Read of the Week. Apple is arguably America’s best-known, most-admired, and most-imitated company. It is certainly the largest company in the United States by market capitalization, and it just reported blow-out earnings on the strength of sales of the iPhone. But as Charles Duhigg and Keith Bradsher write in the New York Times, most of the people that manufacture and assemble Apple products live outside the United States and especially in China. And therein lies a problem for U.S. manufacturers. In the electronics business especially, but in other industries as well, the Chinese have succeeded in creating clusters of related, specialized industries working in close proximity. These industrial clusters give Chinese manufacturers a competitive cost advantage that could become self-perpetuating.

Blog Post of the Week. Egypt just marked the one-year anniversary of January 25, the start of the political protests that toppled Hosni Mubarak’s regime and ushered in a new and uncertain era of Egyptian politics. Steven Cook, author the superb book, The Struggle for Egypt, looks at where things stand after a tumultuous year in Egyptian life.
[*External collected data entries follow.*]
text \<open>Ordinals below lambda are the elements of a type carrying a cardinal order rl
  (so Field rl = UNIV); strict order i < j is (i,j) in rl and i different from j.\<close>
definition olt :: "'a rel \<Rightarrow> 'a \<Rightarrow> 'a \<Rightarrow> bool" where
  "olt r i j \<longleftrightarrow> (i, j) \<in> r \<and> i \<noteq> j"

definition pairs2 :: "'a rel \<Rightarrow> 'a set \<Rightarrow> ('a \<times> 'a) set" where
  "pairs2 r w = {(i, j). i \<in> w \<and> j \<in> w \<and> olt r i j}"

definition valuation :: "'a rel \<Rightarrow> 'a set \<Rightarrow> ('a \<times> 'a \<rightharpoonup> sym3) \<Rightarrow> bool" where
  "valuation r w p \<longleftrightarrow> dom p = pairs2 r w \<and>
    (\<forall>i\<in>w. \<forall>j\<in>w. \<forall>k\<in>w. olt r i j \<and> olt r j k \<longrightarrow>
       (p (i, j) = Some Ge \<and> p (j, k) = Some Ge \<longrightarrow> p (i, k) = Some Ge) \<and>
       ({the (p (i, j)), the (p (i, k))} = {Perp, Ge} \<longrightarrow> p (j, k) = Some Perp) \<and>
       (p (i, j) = Some Perp \<and> p (j, k) = Some Ge \<longrightarrow> p (i, k) = Some Perp))"

text \<open>The forcing notion P(lambda, mu): valuation functions whose domain is [w]^2 for
  some w subset of lambda with |w| < mu. Ordered by reverse inclusion.\<close>
definition Pforce :: "'a rel \<Rightarrow> 'b rel \<Rightarrow> ('a \<times> 'a \<rightharpoonup> sym3) set" where
  "Pforce rl rm = {p. \<exists>w. w \<subseteq> Field rl \<and> (card_of w, rm) \<in> ordLess \<and> valuation rl w p}"

definition compatible :: "('a \<times> 'a \<rightharpoonup> sym3) set \<Rightarrow> ('a \<times> 'a \<rightharpoonup> sym3) \<Rightarrow> ('a \<times> 'a \<rightharpoonup> sym3) \<Rightarrow> bool" where
  "compatible P p q \<longleftrightarrow> (\<exists>s\<in>P. p \<subseteq>\<^sub>m s \<and> q \<subseteq>\<^sub>m s)"

definition antichain :: "('a \<times> 'a \<rightharpoonup> sym3) set \<Rightarrow> ('a \<times> 'a \<rightharpoonup> sym3) set \<Rightarrow> bool" where
  "antichain P A \<longleftrightarrow> A \<subseteq> P \<and> (\<forall>p\<in>A. \<forall>q\<in>A. p \<noteq> q \<longrightarrow> \<not> compatible P p q)"

definition chain_condition :: "('a \<times> 'a \<rightharpoonup> sym3) set \<Rightarrow> 'c rel \<Rightarrow> bool" where
  "chain_condition P kappa \<longleftrightarrow> (\<forall>A. antichain P A \<longrightarrow> (card_of A, kappa) \<in> ordLess)"

text \<open>mu^{<mu} as the cardinality of the union over ordinals alpha < mu of the
  function spaces alpha -> mu.\<close>
definition less_exp_set :: "'b rel \<Rightarrow> ('b \<Rightarrow> 'b) set" where
  "less_exp_set rm = (\<Union>a\<in>Field rm. Func (underS rm a) (Field rm))"

end

theory Submission
  imports Defs
begin

(* Two conditions p on [a]^2 and q on [b]^2 that agree on [a \<inter> b]^2 are compatible.
  Read a valuation as the transitive relation "Ge" together with the symmetric relation
  "Perp", which passes from a point to its Ge-successors.  On a \<union> b, close the union
  p ++ q under a single detour through a point of a \<inter> b: this is again transitive
  resp. inherited along Ge, the two closures stay disjoint, and on pairs inside a or
  inside b they add nothing.  All remaining pairs get the value u.

  Hence an antichain is a family of partial functions with domains of size < mu and three
  values, no two of which agree on their common domain.  If mu^<mu = mu, then mu is regular
  and a closure argument along a chain of length mu shows that such a family has at most
  mu members. *)

section \<open>Valuations as relations\<close>

lemma card_order_olt_trans:
  assumes "card_order r" and "olt r x y" and "olt r y z"
  shows "olt r x z"
  using card_order_on_well_order_on[OF assms(1)] assms(2,3) unfolding olt_def
  by (auto simp: well_order_on_def linear_order_on_def partial_order_on_def
      preorder_on_def antisym_def trans_def)

lemma card_order_olt_asym:
  assumes "card_order r" and "olt r x y"
  shows "\<not> olt r y x"
  using card_order_on_well_order_on[OF assms(1)] assms(2) unfolding olt_def
  by (auto simp: well_order_on_def linear_order_on_def partial_order_on_def antisym_def)

lemma olt_irrefl: "\<not> olt r x x"
  unfolding olt_def by simp

lemma card_order_olt_total:
  assumes "card_order r" and "x \<noteq> y"
  shows "olt r x y \<or> olt r y x"
  using card_order_on_well_order_on[OF assms(1)] assms(2) unfolding olt_def
  by (auto simp: well_order_on_def linear_order_on_def total_on_def)

definition ge_rel :: "('a \<times> 'a \<rightharpoonup> sym3) \<Rightarrow> 'a \<Rightarrow> 'a \<Rightarrow> bool" where
  "ge_rel f x y \<longleftrightarrow> f (x, y) = Some Ge"

definition perp_rel :: "('a \<times> 'a \<rightharpoonup> sym3) \<Rightarrow> 'a \<Rightarrow> 'a \<Rightarrow> bool" where
  "perp_rel f x y \<longleftrightarrow> f (x, y) = Some Perp \<or> f (y, x) = Some Perp"

lemma perp_rel_sym: "perp_rel f x y \<Longrightarrow> perp_rel f y x"
  unfolding perp_rel_def by blast

lemma valuation_dom: "valuation r w f \<Longrightarrow> dom f = pairs2 r w"
  unfolding valuation_def by blast

lemma dom_pairs2_SomeD:
  assumes "dom f = pairs2 r w" and "f (x, y) = Some v"
  shows "x \<in> w" and "y \<in> w" and "olt r x y"
proof -
  have "(x, y) \<in> pairs2 r w" using assms by blast
  then show "x \<in> w" and "y \<in> w" and "olt r x y" unfolding pairs2_def by simp_all
qed

lemma dom_pairs2_None:
  assumes "card_order r" and "dom f = pairs2 r w" and "olt r y x"
  shows "f (x, y) = None"
proof (rule ccontr)
  assume "f (x, y) \<noteq> None"
  then obtain v where "f (x, y) = Some v" by blast
  then have "olt r x y" by (rule dom_pairs2_SomeD(3)[OF assms(2)])
  with card_order_olt_asym[OF assms(1)] assms(3) show False by blast
qed

lemma dom_pairs2_perp_rel_iff:
  assumes "card_order r" and "dom f = pairs2 r w" and "olt r x y"
  shows "perp_rel f x y \<longleftrightarrow> f (x, y) = Some Perp"
  using dom_pairs2_None[OF assms] unfolding perp_rel_def by simp

lemma valuationD:
  assumes "valuation r w f" and "i \<in> w" "j \<in> w" "k \<in> w" and "olt r i j" "olt r j k"
  shows "f (i, j) = Some Ge \<Longrightarrow> f (j, k) = Some Ge \<Longrightarrow> f (i, k) = Some Ge"
    and "f (i, j) = Some Ge \<Longrightarrow> f (i, k) = Some Perp \<Longrightarrow> f (j, k) = Some Perp"
    and "f (i, j) = Some Perp \<Longrightarrow> f (i, k) = Some Ge \<Longrightarrow> f (j, k) = Some Perp"
    and "f (i, j) = Some Perp \<Longrightarrow> f (j, k) = Some Ge \<Longrightarrow> f (i, k) = Some Perp"
proof -
  have conds: "(f (i, j) = Some Ge \<and> f (j, k) = Some Ge \<longrightarrow> f (i, k) = Some Ge) \<and>
      ({the (f (i, j)), the (f (i, k))} = {Perp, Ge} \<longrightarrow> f (j, k) = Some Perp) \<and>
      (f (i, j) = Some Perp \<and> f (j, k) = Some Ge \<longrightarrow> f (i, k) = Some Perp)"
    using assms unfolding valuation_def by blast
  show "f (i, j) = Some Ge \<Longrightarrow> f (j, k) = Some Ge \<Longrightarrow> f (i, k) = Some Ge"
    and "f (i, j) = Some Perp \<Longrightarrow> f (j, k) = Some Ge \<Longrightarrow> f (i, k) = Some Perp"
    using conds by blast+
  show "f (i, j) = Some Ge \<Longrightarrow> f (i, k) = Some Perp \<Longrightarrow> f (j, k) = Some Perp"
    and "f (i, j) = Some Perp \<Longrightarrow> f (i, k) = Some Ge \<Longrightarrow> f (j, k) = Some Perp"
    using conds[THEN conjunct2, THEN conjunct1] by (simp_all add: insert_commute)
qed

lemma valuation_ge_rel_transp:
  assumes "valuation r w f"
  shows "transp (ge_rel f)"
proof (rule transpI)
  fix x y z assume "ge_rel f x y" "ge_rel f y z"
  then show "ge_rel f x z"
    using valuationD(1)[OF assms] dom_pairs2_SomeD[OF valuation_dom[OF assms]]
    unfolding ge_rel_def by metis
qed

lemma valuation_perp_rel_up:
  assumes r: "card_order r" and val: "valuation r w f"
    and uv: "perp_rel f u v" and uu': "ge_rel f u u'"
  shows "perp_rel f u' v"
proof -
  note dom = valuation_dom[OF val]
  have u: "u \<in> w" "u' \<in> w" "olt r u u'" and Ge: "f (u, u') = Some Ge"
    using uu' dom_pairs2_SomeD[OF dom] unfolding ge_rel_def by blast+
  have v: "v \<in> w" "v \<noteq> u"
    using uv dom_pairs2_SomeD[OF dom] olt_irrefl unfolding perp_rel_def by metis+
  have "v \<noteq> u'"
    using uv Ge dom_pairs2_None[OF r dom u(3)] unfolding perp_rel_def by auto
  then consider "olt r v u" | "olt r u v" "olt r v u'" | "olt r u v" "olt r u' v"
    using card_order_olt_total[OF r] v(2) by blast
  then show ?thesis
  proof cases
    case 1
    then have "f (v, u) = Some Perp"
      using perp_rel_sym[OF uv] dom_pairs2_perp_rel_iff[OF r dom] by blast
    then show ?thesis
      using valuationD(4)[OF val v(1) u(1,2) 1 u(3)] Ge unfolding perp_rel_def by blast
  next
    case 2
    then have "f (u, v) = Some Perp" using uv dom_pairs2_perp_rel_iff[OF r dom] by blast
    then show ?thesis
      using valuationD(3)[OF val u(1) v(1) u(2) 2] Ge unfolding perp_rel_def by blast
  next
    case 3
    then have "f (u, v) = Some Perp" using uv dom_pairs2_perp_rel_iff[OF r dom] by blast
    then show ?thesis
      using valuationD(2)[OF val u(1,2) v(1) u(3) 3(2)] Ge unfolding perp_rel_def by blast
  qed
qed

lemma valuationI_closed:
  assumes r: "card_order r" and dom: "dom f = pairs2 r w" and trans: "transp (ge_rel f)"
    and up: "\<And>u v u'. perp_rel f u v \<Longrightarrow> ge_rel f u u' \<Longrightarrow> perp_rel f u' v"
  shows "valuation r w f"
  unfolding valuation_def
proof (intro conjI[OF dom] ballI impI)
  fix i j k assume "i \<in> w" "j \<in> w" "k \<in> w" and ijk: "olt r i j \<and> olt r j k"
  then have ik: "olt r i k" using card_order_olt_trans[OF r] by blast
  have defined: "f (i, j) \<noteq> None" "f (i, k) \<noteq> None"
    using \<open>i \<in> w\<close> \<open>j \<in> w\<close> \<open>k \<in> w\<close> ijk ik dom unfolding pairs2_def by blast+
  note perp_iff = dom_pairs2_perp_rel_iff[OF r dom]
  have "f (i, j) = Some Ge \<and> f (j, k) = Some Ge \<longrightarrow> f (i, k) = Some Ge"
    using trans unfolding ge_rel_def transp_def by blast
  moreover have "{the (f (i, j)), the (f (i, k))} = {Perp, Ge} \<longrightarrow> f (j, k) = Some Perp"
  proof
    assume "{the (f (i, j)), the (f (i, k))} = {Perp, Ge}"
    then consider "f (i, j) = Some Perp" "f (i, k) = Some Ge"
      | "f (i, j) = Some Ge" "f (i, k) = Some Perp"
      using defined by (auto simp: doubleton_eq_iff)
    then show "f (j, k) = Some Perp"
    proof cases
      case 1
      then show ?thesis
        using up[of i j k] perp_iff ijk perp_rel_sym unfolding ge_rel_def by metis
    next
      case 2
      then show ?thesis using up[of i k j] perp_iff ijk ik unfolding ge_rel_def by metis
    qed
  qed
  moreover have "f (i, j) = Some Perp \<and> f (j, k) = Some Ge \<longrightarrow> f (i, k) = Some Perp"
    using up[of j i k] perp_iff ijk ik perp_rel_sym unfolding ge_rel_def by metis
  ultimately show "(f (i, j) = Some Ge \<and> f (j, k) = Some Ge \<longrightarrow> f (i, k) = Some Ge) \<and>
    ({the (f (i, j)), the (f (i, k))} = {Perp, Ge} \<longrightarrow> f (j, k) = Some Perp) \<and>
    (f (i, j) = Some Perp \<and> f (j, k) = Some Ge \<longrightarrow> f (i, k) = Some Perp)"
    by blast
qed

section \<open>Amalgamation of agreeing valuations\<close>

locale agreeing_valuations =
  fixes r :: "'a rel" and a b :: "'a set" and p q :: "'a \<times> 'a \<rightharpoonup> sym3"
  assumes card_order: "card_order r"
    and valuation_p: "valuation r a p" and valuation_q: "valuation r b q"
    and agree: "\<forall>x\<in>dom p \<inter> dom q. p x = q x"
begin

abbreviation ge_pq :: "'a \<Rightarrow> 'a \<Rightarrow> bool" where
  "ge_pq \<equiv> ge_rel (p ++ q)"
Mubarak’s cronies despair that their countrymen did not forget his accomplishments, the Army fights to preserve its privileges and authority, and the Muslim Brotherhood struggles to meet the demands of a public that expects better days ahead.

Poll Question of the Week. What to do about Iran’s nuclear programs figures to be one of the top issues in the 2012 presidential campaign. So where does the American public look to be slightly more than nine months out from Election Day? According to a Pew Research Center Poll released this week, the percentage of Americans who view Iran as “the greatest danger” to the United States has more than doubled over the last year, jumping from 12 percent in 2011 to 28 percent today. (China comes in second at 22 percent, up two percentage points from last year.) As for how to respond to Iran’s nuclear activities, Pew found that 54 percent thought that it was more important to “take a firm stand” while 39 percent said it was more important to “avoid military conflict.” Don’t read too much into the latter finding. First, Pew asked it only of the 42 percent of respondents who said they had heard a lot about recent tensions with Iran. The people who haven’t been paying attention almost certainly have different views. Second, poll questions like these are extremely sensitive to how the question is worded. Pew would have gotten a different result had it asked respondents if they thought the United States should go to war with Iran.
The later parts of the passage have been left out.